Similarly, for U-mode when FIOM=1, if an atomic instruction that
accesses a region ordered as device I/O has its _aq_ and/or _rl_ bit
set, then that instruction is ordered as though it accesses both device
I/O and memory.
If `satp`.MODE is read-only zero (always Bare), the implementation may
make FIOM read-only zero.
[[senvcfg-FIOM]]
.Modified interpretation of FENCE predecessor and successor sets in U-mode when FIOM=1.
[%autowidth,float="center",align="center",cols="^,<",options="header"]
|===
|Instruction bit |Meaning when set
|PI +
PO
|Predecessor device input and memory reads (PR implied) +
Predecessor device output and memory writes (PW implied)
|SI +
SO
|Successor device input and memory reads (SR implied) +
Successor device output and memory writes (SW implied)
|===
[NOTE]
====
Bit FIOM exists for a specific circumstance when an I/O device is being
emulated for U-mode and both of the following are true: (a) the emulated
device has a memory buffer that should be I/O space but is actually
mapped to main memory via address translation, and (b) multiple physical
harts are involved in accessing this emulated device from U-mode.

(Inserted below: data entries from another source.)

(* Let $n$ be a nonnegative integer and let $x$ be a complex number such that no denominator below vanishes. Then \[ \sum_{k=0}^{2n}(-1)^k\binom{2n}{k}\frac{\binom{x+k}{k}^2}{\binom{x+2n}{k}^2}H_{k}^{\langle2\rangle}(x) =\frac{1}{2}\frac{\binom{x+n}{n}^2\binom{1+2x+2n}{2n}}{\binom{x+2n}{2n}^2\binom{1+2x+n}{n}}H_{n}^{\langle2\rangle}(x). \]
   Context: For complex $z$ and a nonnegative integer $k$, $\binom{z}{k}=\frac{z(z-1)\cdots(z-k+1)}{k!}$ (with $\binom{z}{0}=1$). For complex $x$ and nonnegative integer $m$, $H_0^{\langle 2\rangle}(x)=0$ and $H_m^{\langle 2\rangle}(x)=\sum_{j=1}^m\frac{1}{(x+j)^2}$ for $m\ge1$. The parameter $x$ is assumed to be such that all denominators are nonzero. *)

theory Defs
  imports "HOL-Analysis.Analysis"
begin

definition H2 :: "nat \<Rightarrow> complex \<Rightarrow> complex" where
  "H2 m x = (\<Sum>j=1..m. 1 / (x + of_nat j)^2)"

end

theory Submission
  imports Defs
begin

text \<open>
  Dixon's identity
    sum_k (-1)^k C(2n,k) (y+1)_k (y+1)_(2n-k) (z+1)_k (z+1)_(2n-k) = (2n)!/n! (y+1)_n (z+1)_n (y+z+n+2)_n
  is proved by the Wilf-Zeilberger method. For y = x + e and z = x - e one has
  (y+1)_m (z+1)_m = Q_m(e^2) with Q_m(t) = prod_(i<m) ((x+i+1)^2 - t), so Dixon's identity becomes an
  identity between polynomials in t. Since Q_m'(0) = -Q_m(0) H_m^(2)(x), differentiating it at t = 0
  produces two weighted sums of H^(2) which coincide under k -> 2n - k; rewriting the binomials as
  Pochhammer symbols gives the theorem.
\<close>

lemma binomial_Suc_Suc_top:
  "(m+1)*(m+2) * (k+m+2 choose k) = (k+m+1)*(k+m+2) * (k+m choose k)"
proof -
  have "(m+2) * (k+m+2 choose k) = (k+m+2) * (k+m+1 choose k)"
    using binomial_absorb_comp[of "k+m+2" k] by (simp add: numeral_2_eq_2)
  moreover have "(m+1) * (k+m+1 choose k) = (k+m+1) * (k+m choose k)"
    using binomial_absorb_comp[of "k+m+1" k] by simp
  ultimately show ?thesis by (metis mult.assoc mult.left_commute)
qed

lemma binomial_Suc_Suc_top_Suc:
  "(k+1)*(m+1) * (k+m+2 choose Suc k) = (k+m+1)*(k+m+2) * (k+m choose k)"
  by (metis Suc_eq_plus1 Suc_times_binomial_add Suc_times_binomial_eq
    add_2_eq_Suc' mult.commute mult.left_commute)

lemma of_nat_binomial_Suc_Suc_top:
  "(of_nat m + 1) * (of_nat m + 2) * (of_nat (k+m+2 choose k) :: 'a::comm_semiring_1)
   = (of_nat (k+m) + 1) * (of_nat (k+m) + 2) * of_nat (k+m choose k)"
  using arg_cong[OF binomial_Suc_Suc_top[of m k], of "of_nat :: nat \<Rightarrow> 'a"]
  by (simp only: of_nat_mult of_nat_add of_nat_1 of_nat_numeral)
definition adp_result :: "('f,'v) aterm \<Rightarrow> pos \<Rightarrow> ('f,'v) adp
    \<Rightarrow> ('v \<Rightarrow> ('f,'v) aterm) \<Rightarrow> (real \<times> ('f,'v) aterm) multiset" where
  "adp_result s \<pi> \<alpha> \<sigma> = image_mset (\<lambda>(p, r). (p,
      if flag \<alpha> \<and> annotated_at s \<pi> then replace_at s \<pi> (tsubst r \<sigma>)
      else if flag \<alpha> \<and> \<not> annotated_at s \<pi> then replace_at s \<pi> (tsubst (flat r) \<sigma>)
      else if \<not> flag \<alpha> \<and> annotated_at s \<pi> then flat_above \<pi> (replace_at s \<pi> (tsubst r \<sigma>))
      else flat_above \<pi> (replace_at s \<pi> (tsubst (flat r) \<sigma>)))) (rhs \<alpha>)"

section \<open>Chain trees and expected derivation length\<close>

text \<open>Nodes are addresses (lists of child indices); nch v is the number of children of v
  (0 for leaves); for inner nodes the rewrite step used is recorded (ADP, position,
  substitution).\<close>
record ('f,'v) ctree =
  cnodes :: "nat list set"
  cprob :: "nat list \<Rightarrow> real"
  cterm :: "nat list \<Rightarrow> ('f,'v) aterm"
  nch :: "nat list \<Rightarrow> nat"
  crule :: "nat list \<Rightarrow> ('f,'v) adp"
  cpos :: "nat list \<Rightarrow> pos"
  csub :: "nat list \<Rightarrow> 'v \<Rightarrow> ('f,'v) aterm"

definition chain_tree :: "('f,'v) adp set \<Rightarrow> ('f,'v) ctree \<Rightarrow> bool" where
  "chain_tree P T \<longleftrightarrow>
     [] \<in> cnodes T \<and> cprob T [] = 1 \<and>
     (\<forall>w \<in> cnodes T. w \<noteq> [] \<longrightarrow> butlast w \<in> cnodes T) \<and>
     (\<forall>v \<in> cnodes T. \<forall>i. v @ [i] \<in> cnodes T \<longleftrightarrow> i < nch T v) \<and>
     (\<forall>v \<in> cnodes T. 0 < nch T v \<longrightarrow>
        adp_redex P (cterm T v) (cpos T v) (crule T v) (csub T v) \<and>
        mset (map (\<lambda>i. (cprob T (v @ [i]) / cprob T v, cterm T (v @ [i]))) [0..<nch T v])
          = adp_result (cterm T v) (cpos T v) (crule T v) (csub T v))"

definition counted_nodes :: "('f,'v) adp set \<Rightarrow> ('f,'v) ctree \<Rightarrow> nat list set" where
  "counted_nodes S T = {v \<in> cnodes T. 0 < nch T v \<and> crule T v \<in> S \<and>
                                      annotated_at (cterm T v) (cpos T v)}"

definition edl :: "('f,'v) adp set \<Rightarrow> ('f,'v) ctree \<Rightarrow> ennreal" where
  "edl S T = (SUP F \<in> {F. finite F \<and> F \<subseteq> counted_nodes S T}. \<Sum>v\<in>F. ennreal (cprob T v))"

definition edh :: "('f,'v) adp set \<Rightarrow> ('f,'v) adp set \<Rightarrow> ('f,'v) aterm \<Rightarrow> ennreal" where
  "edh P S t = (SUP T \<in> {T. chain_tree P T \<and> cterm T [] = sharp_root t}. edl S T)"

definition basic :: "('f,'v) adp set \<Rightarrow> ('f,'v) aterm \<Rightarrow> bool" where
  "basic P t \<longleftrightarrow> (\<exists>f ts. t = Fun f False ts \<and> f \<in> defs P \<and>
      (\<forall>u \<in> set ts. funs u \<inter> defs P = {} \<and> unannotated u))"

section \<open>Complexities\<close>

datatype cplx = Pol nat | Exp | TwoExp | Fin | Omega

fun cidx :: "cplx \<Rightarrow> nat" where
  "cidx (Pol a) = 0" | "cidx Exp = 1" | "cidx TwoExp = 2" | "cidx Fin = 3" | "cidx Omega = 4"

fun cdeg :: "cplx \<Rightarrow> nat" where
  "cdeg (Pol a) = a" | "cdeg Exp = 0" | "cdeg TwoExp = 0" | "cdeg Fin = 0" | "cdeg Omega = 0"

instantiation cplx :: linorder
begin
definition less_eq_cplx :: "cplx \<Rightarrow> cplx \<Rightarrow> bool" where
  "less_eq_cplx x y \<longleftrightarrow> cidx x < cidx y \<or> (cidx x = cidx y \<and> cdeg x \<le> cdeg y)"
definition less_cplx :: "cplx \<Rightarrow> cplx \<Rightarrow> bool" where
  "less_cplx x y \<longleftrightarrow> x \<le> y \<and> \<not> y \<le> x"
instance
proof
  fix x y z :: cplx
  show "x < y \<longleftrightarrow> x \<le> y \<and> \<not> y \<le> x" by (simp add: less_cplx_def)
  show "x \<le> x" by (simp add: less_eq_cplx_def)
  show "x \<le> y \<Longrightarrow> y \<le> z \<Longrightarrow> x \<le> z" by (auto simp: less_eq_cplx_def)
  show "x \<le> y \<Longrightarrow> y \<le> x \<Longrightarrow> x = y"
    by (cases x; cases y) (auto simp: less_eq_cplx_def)
  show "x \<le> y \<or> y \<le> x" by (auto simp: less_eq_cplx_def)
qed
end

definition bigO :: "(nat \<Rightarrow> ennreal) \<Rightarrow> (nat \<Rightarrow> ennreal) \<Rightarrow> bool" where
  "bigO f g \<longleftrightarrow> (\<exists>c::real. \<exists>N. \<forall>n \<ge> N. f n \<le> ennreal c * g n)"

definition cls :: "(nat \<Rightarrow> ennreal) \<Rightarrow> cplx" where
  "cls f = (if \<exists>a. bigO f (\<lambda>n. ennreal (real n ^ a))
            then Pol (LEAST a. bigO f (\<lambda>n. ennreal (real n ^ a)))
            else if \<exists>q :: real poly. bigO f (\<lambda>n. ennreal (2 powr poly q (real n))) then Exp
            else if \<exists>q :: real poly. bigO f (\<lambda>n. ennreal (2 powr (2 powr poly q (real n))))
              then TwoExp
            else if \<forall>n. f n \<noteq> \<infinity> then Fin
            else Omega)"

definition iota :: "('f,'v) adp set \<Rightarrow> ('f,'v) adp set \<Rightarrow> cplx" where
  "iota P S = cls (\<lambda>n. SUP t \<in> {t. basic P t \<and> tsize t \<le> n}. edh P S t)"

definition iota_p :: "('f,'v) problem \<Rightarrow> cplx" where
  "iota_p PS = iota (fst PS) (snd PS)"

definition cMax :: "cplx set \<Rightarrow> cplx" where
  "cMax X = Max (insert (Pol 0) X)"
lemma
  fixes f :: "'a::euclidean_space \<Rightarrow> 'c::{real_normed_field, banach, second_countable_topology}"
    and g :: "'b::euclidean_space \<Rightarrow> 'c"
  assumes f: "integrable lborel f" and g: "integrable lborel g"
  shows integrable_lborel_mult_pair: "integrable lborel (\<lambda>p. f (fst p) * g (snd p))"
    and integral_lborel_mult_pair: "(\<integral>p. f (fst p) * g (snd p) \<partial>lborel) = integral\<^sup>L lborel f * integral\<^sup>L lborel g"
proof -
  have [measurable]: "f \<in> borel_measurable borel" "g \<in> borel_measurable borel"
    using f g by auto
  have int: "integrable (lborel \<Otimes>\<^sub>M lborel) (\<lambda>(x, y). f x * g y)"
    by (rule lborel_pair.Fubini_integrable) (use f g in \<open>auto simp: norm_mult\<close>)
  then show "integrable lborel (\<lambda>p. f (fst p) * g (snd p))"
    by (simp add: lborel_prod case_prod_beta')
  have "(\<integral>p. (case p of (x, y) \<Rightarrow> f x * g y) \<partial>(lborel \<Otimes>\<^sub>M lborel)) = integral\<^sup>L lborel f * integral\<^sup>L lborel g"
    using lborel_pair.integral_fst'[OF int] by simp
  then show "(\<integral>p. f (fst p) * g (snd p) \<partial>lborel) = integral\<^sup>L lborel f * integral\<^sup>L lborel g"
    by (simp add: lborel_prod case_prod_beta')
qed

lemma norm_pair_sq: "(norm k)\<^sup>2 = (fst k)\<^sup>2 + (snd k)\<^sup>2" for k :: "real \<times> real"
  by (cases k) (simp add: norm_Pair)

lemma inner_pair_real: "k \<bullet> x = fst k * fst x + snd k * snd x" for k x :: "real \<times> real"
  by (simp add: inner_prod_def)

section \<open>Gaussian integrals\<close>

lemma has_bochner_integral_gaussian_cis_real:
  fixes \<epsilon> a :: real
  assumes "\<epsilon> > 0"
  shows "has_bochner_integral lborel (\<lambda>t. of_real (exp (- \<epsilon> * t\<^sup>2)) * cis (a * t))
           (of_real (sqrt (pi / \<epsilon>) * exp (- a\<^sup>2 / (4 * \<epsilon>))))"
proof -
  define c where "c = sqrt (2 * \<epsilon>)"
  have c: "c > 0" "c\<^sup>2 = 2 * \<epsilon>" using assms by (auto simp: c_def)
  define f where "f x = std_normal_density x *\<^sub>R iexp (a / c * x)" for x
  have "integral\<^sup>L lborel f = char std_normal_distribution (a / c)"
    unfolding char_def f_def by (subst integral_density) (auto simp: mult.commute)
  also have "\<dots> = of_real (exp (- (a / c)\<^sup>2 / 2))"
    by (simp add: char_std_normal_distribution)
  finally have If: "integral\<^sup>L lborel f = of_real (exp (- (a / c)\<^sup>2 / 2))" .
  then have "integrable lborel f"
    using not_integrable_integral_eq by fastforce
  moreover have f_scaled: "f (0 + c * t) = of_real (1 / sqrt (2 * pi)) * (of_real (exp (- \<epsilon> * t\<^sup>2)) * cis (a * t))" for t
    using c unfolding f_def
    by (simp add: std_normal_density_def normal_density_def cis_conv_exp power_mult_distrib
        scaleR_conv_of_real algebra_simps)
  ultimately have "integrable lborel (\<lambda>t. of_real (1 / sqrt (2 * pi)) * (of_real (exp (- \<epsilon> * t\<^sup>2)) * cis (a * t)))"
    using lborel_integrable_real_affine[of f c 0] c by (simp add: f_scaled)
  from integrable_mult_right[OF this, of "of_real (sqrt (2 * pi))"]
  have int: "integrable lborel (\<lambda>t. of_real (exp (- \<epsilon> * t\<^sup>2)) * cis (a * t))"
    by (simp flip: of_real_mult)
  have "integral\<^sup>L lborel f = c *\<^sub>R (\<integral>t. f (0 + c * t) \<partial>lborel)"
    using lborel_integral_real_affine[of c f 0] c by simp
  then have "(\<integral>t. of_real (exp (- \<epsilon> * t\<^sup>2)) * cis (a * t) \<partial>lborel) =
      of_real (sqrt (2 * pi) / c * exp (- (a / c)\<^sup>2 / 2))"
    using c If unfolding f_scaled by (simp add: scaleR_conv_of_real field_simps)
  also have "sqrt (2 * pi) / c = sqrt (pi / \<epsilon>)"
    using assms unfolding c_def by (simp add: real_sqrt_divide[symmetric] del: real_sqrt_divide)
  also have "- (a / c)\<^sup>2 / 2 = - a\<^sup>2 / (4 * \<epsilon>)"
    using c assms by (simp add: power_divide)
  finally show ?thesis using int by (simp add: has_bochner_integral_iff)
qed
text \<open>Every word of \<open>\<N>\<close> is admissible for the local rule: a letter \<open>(i,j)\<close> is followed
  by itself or, if \<open>i \<noteq> j\<close>, by a letter starting with \<open>j\<close>, and the last letter is diagonal.
  Since \<open>L\<close> creates exactly one letter, \<open>\<rho>(z)\<close> has coordinate \<open>z^|w| \<alpha>_w\<close> on every admissible
  word \<open>w\<close> (the formal geometric series).  Hence \<open>L\<rho> = (\<rho> - \<Omega>)/z\<close>, and \<open>\<ell>_p\<^sup>*\<close> acts on \<open>\<rho>\<close>
  as multiplication by \<open>\<alpha>_p\<^sup>2 z\<close> restricted to the words \<open>w\<close> with \<open>p w\<close> admissible.  With only
  two indices this set of words is exactly the range of \<open>1_p\<close>, so
  \<open>f_p(\<ell>_p\<^sup>*)\<rho> = f_p(\<alpha>_p\<^sup>2 z) 1_p \<rho>\<close>.\<close>

fun block_word :: "nat list \<Rightarrow> nat list \<Rightarrow> word" where
  "block_word [i] [n] = replicate n (i,i)"
| "block_word (i#j#is) (n#ns) = replicate n (i,j) @ block_word (j#is) ns"
| "block_word _ _ = []"

fun valid_blocks :: "(nat \<times> nat) set \<Rightarrow> nat list \<Rightarrow> nat list \<Rightarrow> bool" where
  "valid_blocks J [i] [n] = (n \<ge> 1 \<and> (i,i) \<in> J)"
| "valid_blocks J (i#j#is) (n#ns) = (n \<ge> 1 \<and> i \<noteq> j \<and> (i,j) \<in> J \<and> valid_blocks J (j#is) ns)"
| "valid_blocks J _ _ = False"

lemma concat_replicate_eq_block_word:
  assumes "length ns = length is" and "is \<noteq> []"
  shows "concat (map (\<lambda>k. replicate (ns ! k)
           (if Suc k < length is then (is ! k, is ! Suc k) else (is ! k, is ! k))) [0..<length is])
         = block_word is ns"
  using assms
proof (induction "is" arbitrary: ns)
  case Nil then show ?case by simp
next
  case (Cons i is')
  show ?case
  proof (cases is')
    case Nil then show ?thesis using Cons.prems by (cases ns) auto
  next
    case (Cons j is'')
    obtain n ns' where ns: "ns = n # ns'" using Cons.prems by (cases ns) auto
    have len: "length ns' = length is'" using Cons.prems ns by simp
    let ?F = "\<lambda>k. replicate (ns ! k) (if Suc k < length (i#is')
               then ((i#is') ! k, (i#is') ! Suc k) else ((i#is') ! k, (i#is') ! k))"
    let ?G = "\<lambda>k. replicate (ns' ! k) (if Suc k < length is'
               then (is' ! k, is' ! Suc k) else (is' ! k, is' ! k))"
    have "[0..<length (i#is')] = 0 # map Suc [0..<length is']"
      by (simp add: map_Suc_upt upt_conv_Cons del: upt_Suc)
    moreover have "map ?F (map Suc [0..<length is']) = map ?G [0..<length is']"
      by (simp add: ns)
    ultimately have "map ?F [0..<length (i#is')] = ?F 0 # map ?G [0..<length is']"
      by (simp only: list.map)
    then show ?thesis using Cons.IH[OF len] Cons ns by (simp del: upt_Suc)
  qed
qed

lemma smf_word_conditions_iff_valid_blocks:
  assumes "length ns = length is" and "is \<noteq> []"
  shows "((\<forall>k<length is. ns ! k \<ge> 1) \<and> (\<forall>k. Suc k < length is \<longrightarrow> is ! k \<noteq> is ! Suc k) \<and>
          (\<forall>k. Suc k < length is \<longrightarrow> (is ! k, is ! Suc k) \<in> J) \<and>
          (is ! (length is - 1), is ! (length is - 1)) \<in> J)
         \<longleftrightarrow> valid_blocks J is ns"
  using assms
proof (induction "is" arbitrary: ns)
  case Nil then show ?case by simp
next
  case (Cons i is')
  show ?case
  proof (cases is')
    case Nil then show ?thesis using Cons.prems by (cases ns) auto
  next
    case (Cons j is'')
    obtain n ns' where ns: "ns = n # ns'" using Cons.prems by (cases ns) auto
    have len: "length ns' = length is'" using Cons.prems ns by simp
    have "(\<forall>k<length (i#is'). ns ! k \<ge> 1) \<longleftrightarrow> n \<ge> 1 \<and> (\<forall>k<length is'. ns' ! k \<ge> 1)"
      using ns by (simp add: All_less_Suc2)
    moreover have "\<And>P. (\<forall>k. Suc k < length (i#is') \<longrightarrow> P k)
        \<longleftrightarrow> P 0 \<and> (\<forall>k. Suc k < length is' \<longrightarrow> P (Suc k))"
      using Cons by (auto simp: All_less_Suc2)
    ultimately show ?thesis using Cons.IH[OF len] Cons ns by (simp, blast)
  qed
qed

lemma valid_blocks_lengths: "valid_blocks J is ns \<Longrightarrow> is \<noteq> [] \<and> length ns = length is"
  by (induction J "is" ns rule: valid_blocks.induct) auto

lemma smf_word_iff_block_word:
  "smf_word J w \<longleftrightarrow> w = [] \<or> (\<exists>is ns. valid_blocks J is ns \<and> w = block_word is ns)"
proof
  assume "smf_word J w"
  then show "w = [] \<or> (\<exists>is ns. valid_blocks J is ns \<and> w = block_word is ns)"
    unfolding smf_word_def
  proof (elim disjE exE conjE)
    fix m "is" ns
    assume "1 \<le> m" "length is = m" "length ns = m" "\<forall>k<m. 1 \<le> ns ! k"
      "\<forall>k. Suc k < m \<longrightarrow> is ! k \<noteq> is ! Suc k" "\<forall>k. Suc k < m \<longrightarrow> (is ! k, is ! Suc k) \<in> J"
      "(is ! (m - 1), is ! (m - 1)) \<in> J"
      "w = concat (map (\<lambda>k. replicate (ns ! k)
             (if Suc k < m then (is ! k, is ! Suc k) else (is ! k, is ! k))) [0..<m])"
    moreover from this have "is \<noteq> []" by auto
    ultimately show ?thesis
      using smf_word_conditions_iff_valid_blocks[of ns "is" J]
        concat_replicate_eq_block_word[of ns "is"] by auto
  qed simp
next
  assume "w = [] \<or> (\<exists>is ns. valid_blocks J is ns \<and> w = block_word is ns)"
  then show "smf_word J w"
  proof (elim disjE exE conjE)
    fix "is" ns assume valid: "valid_blocks J is ns" and w: "w = block_word is ns"
    from valid_blocks_lengths[OF valid] have ne: "is \<noteq> []" and len: "length ns = length is"
      by auto
    show ?thesis unfolding smf_word_def
      using smf_word_conditions_iff_valid_blocks[OF len ne, of J]
        concat_replicate_eq_block_word[OF len ne] valid w ne len
      by (intro disjI2 exI[of _ "length is"] exI[of _ "is"] exI[of _ ns]) (auto simp: Suc_le_eq)
  qed (simp add: smf_word_def)
qed

fun admissible :: "(nat \<times> nat) set \<Rightarrow> word \<Rightarrow> bool" where
  "admissible J [] = True"
| "admissible J [p] = (p \<in> J \<and> fst p = snd p)"
| "admissible J (p#q#w) =
     (p \<in> J \<and> (q = p \<or> (fst p \<noteq> snd p \<and> fst q = snd p)) \<and> admissible J (q#w))"

lemma admissible_replicate:
  "n \<ge> 1 \<Longrightarrow> p \<in> J \<Longrightarrow> fst p = snd p \<Longrightarrow> admissible J (replicate n p)"
proof (induction n)
  case (Suc n) then show ?case by (cases n) auto
qed simp

lemma admissible_replicate_append:
  "n \<ge> 1 \<Longrightarrow> p \<in> J \<Longrightarrow> fst p \<noteq> snd p \<Longrightarrow> v \<noteq> [] \<Longrightarrow> fst (hd v) = snd p
   \<Longrightarrow> admissible J v \<Longrightarrow> admissible J (replicate n p @ v)"
proof (induction n)
  case (Suc n) then show ?case by (cases n; cases v) auto
qed simp

lemma admissible_block_word:
  "valid_blocks J is ns \<Longrightarrow>
     admissible J (block_word is ns) \<and> block_word is ns \<noteq> [] \<and> fst (hd (block_word is ns)) = hd is"
  by (induction J "is" ns rule: valid_blocks.induct)
     (auto intro: admissible_replicate admissible_replicate_append)

lemma valid_blocks_lengthen_first:
  "valid_blocks J is ns \<Longrightarrow> block_word is ns = q # w \<Longrightarrow>
   valid_blocks J is (Suc (hd ns) # tl ns) \<and> block_word is (Suc (hd ns) # tl ns) = q # q # w"
  by (induction J "is" ns rule: valid_blocks.induct) (auto dest!: Suc_le_D)

lemma block_word_of_admissible:
  "admissible J w \<Longrightarrow> w \<noteq> [] \<Longrightarrow> \<exists>is ns. valid_blocks J is ns \<and> w = block_word is ns"
proof (induction w)
  case Nil then show ?case by simp
next
  case (Cons p w)
  show ?case
  proof (cases w)
    case Nil
    then have "valid_blocks J [fst p] [1] \<and> p # w = block_word [fst p] [1]"
      using Cons.prems by (cases p) auto
    then show ?thesis by blast
  next
    case (Cons q w')
    have adm: "admissible J w" and pJ: "p \<in> J" and step: "q = p \<or> (fst p \<noteq> snd p \<and> fst q = snd p)"
      using Cons.prems Cons by auto
    obtain "is" ns where valid: "valid_blocks J is ns" and w: "w = block_word is ns"
      using Cons.IH[OF adm] Cons by auto
    show ?thesis
    proof (cases "q = p")
      case True
      then show ?thesis using valid_blocks_lengthen_first[OF valid w[symmetric, unfolded Cons]] Cons
        by metis
    next
      case False
      with step have new_block: "fst p \<noteq> snd p" "fst q = snd p" by auto
      have "hd is = snd p" using admissible_block_word[OF valid] w Cons new_block by (metis list.sel(1))
      then obtain is' where "is = snd p # is'" using valid_blocks_lengths[OF valid] by (cases "is") auto
      then have "valid_blocks J (fst p # is) (1 # ns) \<and> p # w = block_word (fst p # is) (1 # ns)"
        using valid w new_block pJ by (cases p) auto
      then show ?thesis by blast
    qed
  qed
qed

lemma smf_word_iff_admissible: "smf_word J w \<longleftrightarrow> admissible J w"
  using smf_word_iff_block_word admissible_block_word block_word_of_admissible
  by (metis admissible.simps(1))

lemma admissible_tl: "admissible J w \<Longrightarrow> admissible J (tl w)"
  by (induction J w rule: admissible.induct) auto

A hypervisor running in S-mode without the benefit of the hypervisor
extension of <<hypervisor>> may need to emulate
a device for U-mode if paravirtualization cannot be employed. If the
same hypervisor provides a virtual machine (VM) with multiple virtual
harts, mapped one-to-one to real harts, then multiple harts may
concurrently access the emulated device, perhaps because: (a) the guest
OS within the VM assigns device interrupt handling to one hart while the
device is also accessed by a different hart outside of an interrupt
handler, or (b) control of the device (or partial control) is being
migrated from one hart to another, such as for interrupt load balancing
within the VM. For such cases, guest software within the VM is expected
to properly coordinate access to the (emulated) device across multiple
harts using mutex locks and/or interprocessor interrupts as usual, which
in part entails executing I/O fences. But those I/O fences may not be
sufficient if some of the device ``I/O'' is actually main memory,
unknown to the guest. Setting FIOM=1 modifies those fences (and all
other I/O fences executed in U-mode) to include main memory, too.
Software can always avoid the need to set FIOM by never using main
memory to emulate a device memory buffer that should be I/O space.
However, this choice usually requires trapping all U-mode accesses to
the emulated buffer, which might have a noticeable impact on
performance. The alternative offered by FIOM is sufficiently inexpensive
to implement that we consider it worth supporting even if only rarely
enabled.
====
The definition of the CBZE field will be furnished by the forthcoming
Zicboz extension. Its allocation within `senvcfg` may change prior to
the ratification of that extension.
The definitions of the CBCFE and CBIE fields will be furnished by the
forthcoming Zicbom extension. Their allocations within `senvcfg` may
change prior to the ratification of that extension.
[[satp]]
==== Supervisor Address Translation and Protection (`satp`) Register
The `satp` register is an SXLEN-bit read/write register, formatted as
shown in <<rv32satp>> for SXLEN=32 and
<<rv64satp>> for SXLEN=64, which controls
supervisor-mode address translation and protection. This register holds
the physical page number (PPN) of the root page table, i.e., its
supervisor physical address divided by ; an address space identifier
(ASID), which facilitates address-translation fences on a
per-address-space basis; and the MODE field, which selects the current
address-translation scheme. Further details on the access to this
register are described in <<virt-control>>.
[[rv32satp]]
.Supervisor address translation and protection register `satp` when SXLEN=32.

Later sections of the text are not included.